Improving the quality of operative notes for laparoscopic cholecystectomy: Assessing the impact of a standardized operation note proforma.

作者信息

Thomson D R, Baldwin M J, Bellini M I, Silva M A

机构信息

Department of Hepatobiliary and Pancreatic Surgery, Churchill Hospital, Oxford University Hospitals NHS Trust, Oxford, OX3 7LE, UK.

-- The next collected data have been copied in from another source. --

lemma coord_proj_mult_submatrix:
  fixes Phi :: "real mat"
  assumes Phi: "Phi \<in> carrier_mat m n" and S: "S \<subseteq> {..<m}" and J: "J \<subseteq> {..<n}"
  shows "coord_proj m S * submatrix Phi UNIV J = submatrix (1\<^sub>m m) UNIV S * submatrix Phi S J"
proof -
  define E :: "real mat" where "E = submatrix (1\<^sub>m m) UNIV S"
  have E: "E \<in> carrier_mat m (card S)"
    using S by (simp add: E_def submatrix_one_carrier)
  have PJ: "submatrix Phi UNIV J \<in> carrier_mat m (card J)"
    using Phi J by (auto simp: dim_submatrix Collect_less_and_mem_eq)
  have A: "submatrix Phi S J \<in> carrier_mat (card S) (card J)"
    using Phi S J by (auto simp: dim_submatrix Collect_less_and_mem_eq)
  have P: "coord_proj m S \<in> carrier_mat m m" by (simp add: coord_proj_def)
  show ?thesis
    unfolding E_def[symmetric]
  proof (rule eq_matI)
    fix i k assume "i < dim_row (E * submatrix Phi S J)" "k < dim_col (E * submatrix Phi S J)"
    then have i: "i < m" and k: "k < card J" using E A by auto
    have "(coord_proj m S * submatrix Phi UNIV J) $$ (i, k)
        = (coord_proj m S *\<^sub>v col (submatrix Phi UNIV J) k) $ i"
      using P PJ i k by simp
    also have "\<dots> = (if i \<in> S then Phi $$ (i, pick J k) else 0)"
      using PJ Phi J i k
      by (simp add: coord_proj_mult_vec_index submatrix_index pick_UNIV Collect_less_and_mem_eq)
    also have "\<dots> = (E *\<^sub>v col (submatrix Phi S J) k) $ i"
      using A Phi S J i k pick_card_in_set[of i S]
        card_less_member_less_card[OF finite_subset[OF S], of i]
      by (simp add: E_def submatrix_one_mult_vec_index[OF S _ i] submatrix_index
          Collect_less_and_mem_eq)
    also have "\<dots> = (E * submatrix Phi S J) $$ (i, k)"
      using E A i k by simp
    finally show "(coord_proj m S * submatrix Phi UNIV J) $$ (i, k) = (E * submatrix Phi S J) $$ (i, k)" .
  qed (use P PJ E A in auto)
qed

theorem lemma2:
  fixes Phi :: "real mat" and x0 p1 :: "real vec" and m n :: nat
    and J S :: "nat set" and sJ qS :: "real vec"
  assumes Phi: "Phi \<in> carrier_mat m n"
    and x0: "x0 \<in> carrier_vec n" and x0_nz: "x0 \<noteq> 0\<^sub>v n"
    and ident: "identifiable Phi x0"
    and p1: "p1 \<in> dual_set Phi x0"
    and p1_min: "\<forall>p \<in> dual_set Phi x0. l1_norm p1 \<le> l1_norm p"
    and J_def: "J = {i. i < n \<and> \<bar>(transpose_mat Phi *\<^sub>v p1) $ i\<bar> = 1}"
    and S_def: "S = supp_vec p1"
    and sJ_def: "sJ = subvec (transpose_mat Phi *\<^sub>v p1) J"
    and qS_def: "qS = map_vec sgn (subvec p1 S)"
    and rank: "full_rank (submatrix Phi S J)"
    and hJ: "\<forall>S'. S' \<subseteq> {..<m} \<and> card S' < card J \<longrightarrow>
               sJ \<notin> mat_image (transpose_mat (submatrix Phi S' J))"
    and hS: "\<forall>J'. J' \<subseteq> {..<n} \<and> card J' < card S \<longrightarrow>
               qS \<notin> mat_image (submatrix Phi S J')"
  shows "card S = card J \<and> invertible_mat (submatrix Phi S J)
    \<and> coord_proj m S * submatrix Phi UNIV J = submatrix (1\<^sub>m m) UNIV S * submatrix Phi S J
    \<and> mat_kernel (coord_proj m S * submatrix Phi UNIV J) = {0\<^sub>v (card J)}"
proof -
  have p1m: "p1 \<in> carrier_vec m" using p1 Phi by (simp add: dual_set_def)
  have S: "S \<subseteq> {..<m}" using p1m by (auto simp: S_def supp_vec_def)
  have J: "J \<subseteq> {..<n}" using J_def by auto
  have A: "submatrix Phi S J \<in> carrier_mat (card S) (card J)"
    using Phi S J by (auto simp: dim_submatrix Collect_less_and_mem_eq)
  have "subvec p1 S \<in> carrier_vec (card S)"
    using S p1m by (auto intro!: carrier_vecI dim_subvec)
  then have "sJ \<in> mat_image (transpose_mat (submatrix Phi S J))"
    using subvec_transpose_mult_eq_submatrix_supp_vec[OF Phi p1m J] A
    by (auto simp: mat_image_def sJ_def S_def)
  then have J_le_S: "card J \<le> card S"
    using hJ S not_le by blast
  have S_le_J: "card S \<le> card J"
  proof (rule ccontr)
    assume "\<not> card S \<le> card J"
    then show False
      using sgn_supp_in_image_if_minimal[OF Phi x0 p1 p1_min J_def] rank hS J A
      by (auto simp: full_rank_def S_def qS_def)
  qed
  have A_square: "submatrix Phi S J \<in> carrier_mat (card S) (card S)"
    and rank_S: "vec_space.rank (card S) (submatrix Phi S J) = card S"
    using A rank J_le_S S_le_J by (auto simp: full_rank_def)
  show ?thesis
    using J_le_S S_le_J invertible_mat_if_full_rank[OF A_square rank_S]
      coord_proj_mult_submatrix[OF Phi S J]
      mat_kernel_submatrix_one_mult[OF S A] mat_kernel_full_col_rank[OF A_square rank_S]
    by simp
qed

Department of Hepatobiliary and Pancreatic Surgery, Churchill Hospital, Oxford University Hospitals NHS Trust, Oxford, OX3 7LE, UK.

出版信息

Int J Surg. 2016 Mar;27:17-20. doi: 10.1016/j.ijsu.2016.01.037. Epub 2016 Jan 19.

Abstract

INTRODUCTION

Operative notes are the recognized standard for documenting the details of an operation yet key procedural details are frequently missing. With the aim of improving standards, based on the Royal College of Surgeons (RCS) and Dutch Society of Surgery (DSS) Guidelines, we introduced an operation note proforma for use following laparoscopic cholecystectomy in a tertiary centre in the UK.

METHODS

This study audited 130 consecutive laparoscopic cholecystectomy operation notes against accepted guidelines across three hospital sites within the same NHS Trust. Following analysis of these operation notes a standardized operation note proforma was designed and introduced across the Trust, which included all items from the DSS and RCS guidelines in the form of keyword prompts or simple yes/no responses. A further 128 operation notes were analysed. Guideline compliance was compared pre- and post-introduction of the proforma. Non-parametric data were analysed using Fisher's exact and Mann-Whitney U tests. Statistical significance was set at p < 0.05.

RESULTS

On a global assessment of operation note completeness against all guideline items, introduction of an operation note proforma significantly improved documentation rates for both DSS guidelines (p < 0.001) and RCS guidelines (p < 0.001).

DISCUSSION

We have demonstrated that the introduction of a procedure-specific proforma to assist with writing the post-operative note following laparoscopic cholecystectomy can result in significant improvements in documentation of generic and procedure-specific items that should be recorded for every operation. Procedure-specific proformas, based on established guidelines can help to produce more complete and medico-legally robust operation notes.

摘要

引言

手术记录是记录手术细节的公认标准,但关键的手术细节常常缺失。为提高标准,我们依据皇家外科医学院(RCS)和荷兰外科学会(DSS)的指南,在英国一家三级中心引入了一种腹腔镜胆囊切除术后使用的手术记录模板。

方法

本研究在同一国民健康服务信托基金(NHS Trust)的三个医院站点,对照公认指南对130份连续的腹腔镜胆囊切除术手术记录进行了审核。在对这些手术记录进行分析后,设计并在该信托基金范围内引入了标准化的手术记录模板,其中包括DSS和RCS指南中的所有项目,以关键词提示或简单的是/否回答的形式呈现。又分析了128份手术记录。比较了引入模板前后的指南遵循情况。使用Fisher精确检验和Mann-Whitney U检验对非参数数据进行分析。设定统计学显著性为p < 0.05。

结果

在根据所有指南项目对手术记录完整性进行的整体评估中,引入手术记录模板显著提高了DSS指南(p < 0.001)和RCS指南(p < 0.001)的记录率。

讨论

我们已经证明,引入特定手术的模板以协助撰写腹腔镜胆囊切除术后的手术记录,可显著改善对每次手术都应记录的一般项目和特定手术项目的记录。基于既定指南的特定手术模板有助于生成更完整且在医学法律上更可靠的手术记录。